TOP TREND 2023, OFFICE BUILDING BUST: NEW YORK CITY’S WORKFORCE SHARPLY SHRINKING

Office Building Bust

New York City’s economy added just 13,500 jobs in December, leaving payrolls about 12 percent smaller than before the COVID era. 

That translates to 300,000 fewer jobs in town.

The city’s unemployment rate is now 6 percent, almost double the national rate, The New York Post reported.

Black and brown communities have lost the most jobs and are regaining them slower than other groups, according to a recent study by The New School.

“New York City had some of the strictest COVID mandates and, because we’re so reliant on office workers, tourists, and transient workers, we had additional struggles,” Andrew Rigie, executive director of the New York City Hospitality Alliance, said to the NYP.

“Accommodations and food services are still down,” he added. “Nearly 50,000 jobs [in hospitality] are missing compared to [pre-COVID] levels. That’s the size of a small city.”

The hotel industry alone is 13,000 jobs and 11,000 rooms smaller, lagging the industry’s recovery in London and Paris, according to Vijay Dandapani, CEO of the New York City Hotel Association.

Hospitality and construction are the slowest industries in the city to recover.

New York lost roughly one million workers in March and April 2020 as politicians slammed the city shut against the virus. The city now has about four million people working in it.

“The city’s job losses as of fall 2022—two and a half years after [COVID’s] onset—stem mostly from the employment decline in lower-paid, face-to-face industries most immediately affected by public health business restrictions and subject to the lingering effects of changed commuting and hybrid working patterns,” James Parrott, director of The New School’s study, told the NYP.

The city’s own workforce has shrunk 6.4 percent from 2019, the largest decline since 2008 at the onset of the Great Recession, the report said.

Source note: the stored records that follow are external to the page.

(* $\mathrm{Sort}(\mathrm{SC}_{\underline{12}3})$ is not a permutation class.
   Context: $\mathfrak S_n$ is the set of permutations of $\{1,\dots,n\}$. A permutation $\pi$ contains a (classical) permutation $\tau$ if some subsequence of $\pi$ has the same relative order as $\tau$. A permutation class is a set $\Pi$ of permutations such that every permutation contained in some $\pi\in\Pi$ is also in $\Pi$. A vincular pattern is a permutation with some entries underlined; a sequence contains it if it has a subsequence with the same relative order in which entries corresponding to adjacent underlined entries occupy consecutive positions. An occurrence of $\underline{12}3$ is $a_j a_{j+1} a_l$ with $l>j+1$ and $a_j<a_{j+1}<a_l$. For a pattern $\sigma$, the map $\mathrm{SC}_\sigma$ acts on $\tau$: read entries left to right; when the next entry $x$ is read, if pushing $x$ yields a stack whose entries read top to bottom (stack adjacency = consecutive positions) avoid $\sigma$, push $x$; otherwise pop the top stack entry to the output and repeat. At the end pop all remaining entries; the output is $\mathrm{SC}_\sigma(\tau)$. West's stack-sorting map is $s=\mathrm{SC}_{21}$. $\mathrm{Sort}_n(\mathrm{SC}_\sigma)=\{\tau\in\mathfrak S_n : s(\mathrm{SC}_\sigma(\tau))=12\cdots n\}$ and $\mathrm{Sort}(\mathrm{SC}_\sigma)=\bigcup_{n\ge1}\mathrm{Sort}_n(\mathrm{SC}_\sigma)$. *)

theory Defs
  imports Main
begin

definition perms :: "nat \<Rightarrow> nat list set" where
  "perms n = {xs. length xs = n \<and> distinct xs \<and> set xs = {1..n}}"

definition order_iso :: "nat list \<Rightarrow> nat list \<Rightarrow> bool" where
  "order_iso a p \<longleftrightarrow> length a = length p \<and>
     (\<forall>i < length p. \<forall>j < length p. (a ! i < a ! j \<longleftrightarrow> p ! i < p ! j))"

text \<open>A vincular pattern is a pair (p, U): the pattern p, and U the set of indices i
  (0-based) such that entries i and i+1 of p are underlined and adjacent, i.e. their
  occurrences must be at consecutive positions.\<close>
definition contains_vinc :: "nat list \<Rightarrow> nat list \<times> nat set \<Rightarrow> bool" where
  "contains_vinc w pat \<longleftrightarrow> (case pat of (p, U) \<Rightarrow>
     (\<exists>is. length is = length p \<and> sorted_wrt (<) is \<and> (\<forall>k\<in>set is. k < length w) \<and>
          order_iso (map (\<lambda>k. w ! k) is) p \<and>
          (\<forall>i\<in>U. Suc i < length p \<longrightarrow> is ! Suc i = Suc (is ! i))))"

definition contains :: "nat list \<Rightarrow> nat list \<Rightarrow> bool" where
  "contains w p \<longleftrightarrow> contains_vinc w (p, {})"

text \<open>The stack is a list whose head is the top;
  it is thus read top to bottom.  If the stack is empty
  the entry is pushed (a one-entry stack avoids every pattern of length at least 2).\<close>
function sc_aux :: "(nat list \<Rightarrow> bool) \<Rightarrow> nat list \<Rightarrow> nat list \<Rightarrow> nat list" where
  "sc_aux P [] st = st"
| "sc_aux P (x # xs) st =
     (if st = [] \<or> P (x # st) then sc_aux P xs (x # st)
      else hd st # sc_aux P (x # xs) (tl st))"
  by pat_completeness auto
termination
  by (relation "measure (\<lambda>(P, xs, st). 2 * length xs + length st)") (auto simp: neq_Nil_conv)

definition SC :: "nat list \<times> nat set \<Rightarrow> nat list \<Rightarrow> nat list" where
  "SC \<sigma> \<tau> = sc_aux (\<lambda>st. \<not> contains_vinc st \<sigma>) \<tau> []"

definition west_s :: "nat list \<Rightarrow> nat list" where
  "west_s = SC ([2, 1], {})"

definition Sort_n :: "nat list \<times> nat set \<Rightarrow> nat \<Rightarrow> nat list set" where
  "Sort_n \<sigma> n = {\<tau> \<in> perms n. west_s (SC \<sigma> \<tau>) = [1..<Suc n]}"

definition Sort :: "nat list \<times> nat set \<Rightarrow> nat list set" where
  "Sort \<sigma> = (\<Union>n\<in>{1..}. Sort_n \<sigma> n)"

definition perm_class :: "nat list set \<Rightarrow> bool" where
  "perm_class \<Pi> \<longleftrightarrow> \<Pi> \<subseteq> (\<Union>n\<in>{1..}. perms n) \<and>
     (\<forall>\<pi>\<in>\<Pi>. \<forall>n\<ge>1. \<forall>\<tau>\<in>perms n. contains \<pi> \<tau> \<longrightarrow> \<tau> \<in> \<Pi>)"

definition pat_12_3 :: "nat list \<times> nat set" where
  "pat_12_3 = ([1, 2, 3], {0})"

end

theory Submission
  imports Defs
begin

text \<open>The permutation 4132 lies in the sort set: SC pushes 4, 1, 3, but pushing 2 would
  create the stack 2314, which contains the vincular pattern 12-3, so 3 is popped first
  and the output 3214 is then sorted by s.  Its pattern 132, however, is not: the stack
  never sees 12-3, so SC outputs 231, which s sends to 213.\<close>

lemma contains_vinc_21_iff_not_sorted:
  "contains_vinc w ([2, 1], {}) \<longleftrightarrow> \<not> sorted w"
proof
  assume "contains_vinc w ([2, 1], {})"
  then obtain i j where "i < j" "j < length w" "w ! j < w ! i"
    by (auto simp: contains_vinc_def order_iso_def length_Suc_conv numeral_eq_Suc All_less_Suc)
  then show "\<not> sorted w"
    by (auto simp: sorted_iff_nth_mono_less not_le)
next
  assume "\<not> sorted w"
  then obtain i j where "i < j" "j < length w" "w ! j < w ! i"
    by (auto simp: sorted_iff_nth_mono_less not_le)
  then show "contains_vinc w ([2, 1], {})"
    unfolding contains_vinc_def
    by (auto intro!: exI[of _ "[i, j]"] simp: order_iso_def All_less_Suc numeral_eq_Suc)
qed

lemma contains_vinc_12_3_iff:
  "contains_vinc w pat_12_3 \<longleftrightarrow>
     (\<exists>j l. Suc j < l \<and> l < length w \<and> w ! j < w ! Suc j \<and> w ! Suc j < w ! l)"
proof
  assume "contains_vinc w pat_12_3"
  then show "\<exists>j l. Suc j < l \<and> l < length w \<and> w ! j < w ! Suc j \<and> w ! Suc j < w ! l"
    by (fastforce simp: contains_vinc_def pat_12_3_def order_iso_def length_Suc_conv numeral_eq_Suc All_less_Suc)
next
  assume "\<exists>j l. Suc j < l \<and> l < length w \<and> w ! j < w ! Suc j \<and> w ! Suc j < w ! l"
  then obtain j l where "Suc j < l" "l < length w" "w ! j < w ! Suc j" "w ! Suc j < w ! l"
    by blast
  then show "contains_vinc w pat_12_3"
    unfolding contains_vinc_def pat_12_3_def
    by (auto intro!: exI[of _ "[j, Suc j, l]"] simp: order_iso_def All_less_Suc numeral_eq_Suc)
qed

lemma not_contains_vinc_12_3_singleton: "\<not> contains_vinc [a] pat_12_3"
  by (simp add: contains_vinc_12_3_iff)

text \<open>With this recursion and the singleton case, simp decides the push test on
  concrete stacks and hence runs SC on concrete inputs.\<close>

lemma contains_vinc_12_3_Cons_Cons:
  "contains_vinc (a # b # w) pat_12_3 \<longleftrightarrow>
     a < b \<and> (\<exists>x\<in>set w. b < x) \<or> contains_vinc (b # w) pat_12_3"
proof
  assume "contains_vinc (a # b # w) pat_12_3"
  then obtain j l where jl: "Suc j < l" "l < length (a # b # w)"
    "(a # b # w) ! j < (a # b # w) ! Suc j" "(a # b # w) ! Suc j < (a # b # w) ! l"
    unfolding contains_vinc_12_3_iff by blast
  show "a < b \<and> (\<exists>x\<in>set w. b < x) \<or> contains_vinc (b # w) pat_12_3"
  proof (cases j)
    case 0
    with jl have "w ! (l - 2) \<in> set w" "b < w ! (l - 2)"
      by (auto simp: numeral_eq_Suc nth_Cons split: nat.splits)
    with jl 0 show ?thesis by auto
  next
    case (Suc i)
    with jl have "Suc i < l - 1" "l - 1 < length (b # w)"
      "(b # w) ! i < (b # w) ! Suc i" "(b # w) ! Suc i < (b # w) ! (l - 1)"
      by (auto simp: nth_Cons split: nat.splits)
    then show ?thesis unfolding contains_vinc_12_3_iff by blast
  qed
next
  assume "a < b \<and> (\<exists>x\<in>set w. b < x) \<or> contains_vinc (b # w) pat_12_3"
  then show "contains_vinc (a # b # w) pat_12_3"
  proof
    assume "a < b \<and> (\<exists>x\<in>set w. b < x)"
    then obtain k where "a < b" "k < length w" "b < w ! k"
      by (auto simp: in_set_conv_nth)
    then show ?thesis
      unfolding contains_vinc_12_3_iff by (intro exI[of _ 0] exI[of _ "Suc (Suc k)"]) auto
  next
    assume "contains_vinc (b # w) pat_12_3"
    then obtain j l where "Suc j < l" "l < length (b # w)"
      "(b # w) ! j < (b # w) ! Suc j" "(b # w) ! Suc j < (b # w) ! l"
      unfolding contains_vinc_12_3_iff by blast
    then show ?thesis
      unfolding contains_vinc_12_3_iff by (intro exI[of _ "Suc j"] exI[of _ "Suc l"]) auto
  qed
qed

lemma west_s_eq: "west_s w = sc_aux sorted w []"
  unfolding west_s_def SC_def contains_vinc_21_iff_not_sorted by simp

lemma SC_12_3_4132: "SC pat_12_3 [4, 1, 3, 2] = [3, 2, 1, 4]"
  by (simp add: SC_def contains_vinc_12_3_Cons_Cons not_contains_vinc_12_3_singleton)

lemma SC_12_3_132: "SC pat_12_3 [1, 3, 2] = [2, 3, 1]"
  by (simp add: SC_def contains_vinc_12_3_Cons_Cons not_contains_vinc_12_3_singleton)

lemma west_s_3214: "west_s [3, 2, 1, 4] = [1, 2, 3, 4]"
  by (simp add: west_s_eq)

lemma west_s_231: "west_s [2, 3, 1] = [2, 1, 3]"
  by (simp add: west_s_eq)

lemma length_perms: "\<tau> \<in> perms n \<Longrightarrow> length \<tau> = n"
  by (simp add: perms_def)

lemma mem_Sort_iff:
  "\<tau> \<in> Sort \<sigma> \<longleftrightarrow>
     1 \<le> length \<tau> \<and> \<tau> \<in> perms (length \<tau>) \<and> west_s (SC \<sigma> \<tau>) = [1..<Suc (length \<tau>)]"
  by (auto simp: Sort_def Sort_n_def length_perms)

lemma contains_4132_132: "contains [4, 1, 3, 2] [1, 3, 2]"
  unfolding contains_def contains_vinc_def
  by (auto intro!: exI[of _ "[1, 2, 3]"] simp: order_iso_def All_less_Suc numeral_eq_Suc)

theorem mainTheorem19:
  shows "\<not> perm_class (Sort pat_12_3)"
proof
  assume "perm_class (Sort pat_12_3)"
  moreover have "[4, 1, 3, 2] \<in> Sort pat_12_3"
    unfolding mem_Sort_iff SC_12_3_4132 west_s_3214
    by (simp add: perms_def numeral_eq_Suc atLeastAtMostSuc_conv insert_commute)
  moreover have "[1, 3, 2] \<in> perms 3"
    by (auto simp: perms_def)
  ultimately have "[1, 3, 2] \<in> Sort pat_12_3"
    using contains_4132_132 unfolding perm_class_def by (metis one_le_numeral)
  then show False
    unfolding mem_Sort_iff SC_12_3_132 west_s_231 by simp
qed

end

The mayor’s office expects the Big Apple’s labor force to return to pre-COVID levels by 2025, while governor Kathy Hocul has predicted it could take a year beyond that.

Much of the public- and private-sector job loss is due to the rise of remote and hybrid office work. 

Pre-COVID, as many as a million commuters came into the city each day. Now the office occupancy rate is a scant 47 percent of what it was in 2019, according to city figures.

“It’s a vicious cycle” that when commuters stop commuting, retail and service workers lose their jobs, Tom Grech, president of the Queens Chamber of Commerce, commented to the NYP.

TRENDPOST: We were the first to forecast an office building bust when the COVID War began in 2020. And in the 22 June 2021 Trends Journal reported extensively on the financial implications of the swift shift from traditional office work to working from home. (See “OFFICE WORKERS’ SLOW RETURN ENDANGERS LANDLORDS, CITY FINANCES” and “ONE-THIRD U.S. WORKERS WILL QUIT IF FORCED TO RETURN TO OFFICE.”)

And now our Top Trend 2023, “Office Building Bust” has become clear to the mainstream media.

In our forecast, we predicted that the office property crisis will accelerate through 2023 as landlords face stiffer competition to get and keep tenants, wrangle with local governments to try to minimize their tax assessments, and see their margins shrink—many to the point of disappearing.

As interest rates continue to rise—as they will through at least the first half of this year—many landlords with adjustable-rate mortgages or loans needing to be refinanced will hand their keys back to their lenders or offer their buildings for sale at fire-sale prices.

Property owners will consolidate, with those having deep pockets or access to cash buying up others on the cheap.

As property values are reassessed downward, cities are confronting hard decisions about which workers and services to cut, a trend now biting into municipal budgets that we reported in “As Forecast: Business Office Bust Begins to Bite” (20 Dec 2022).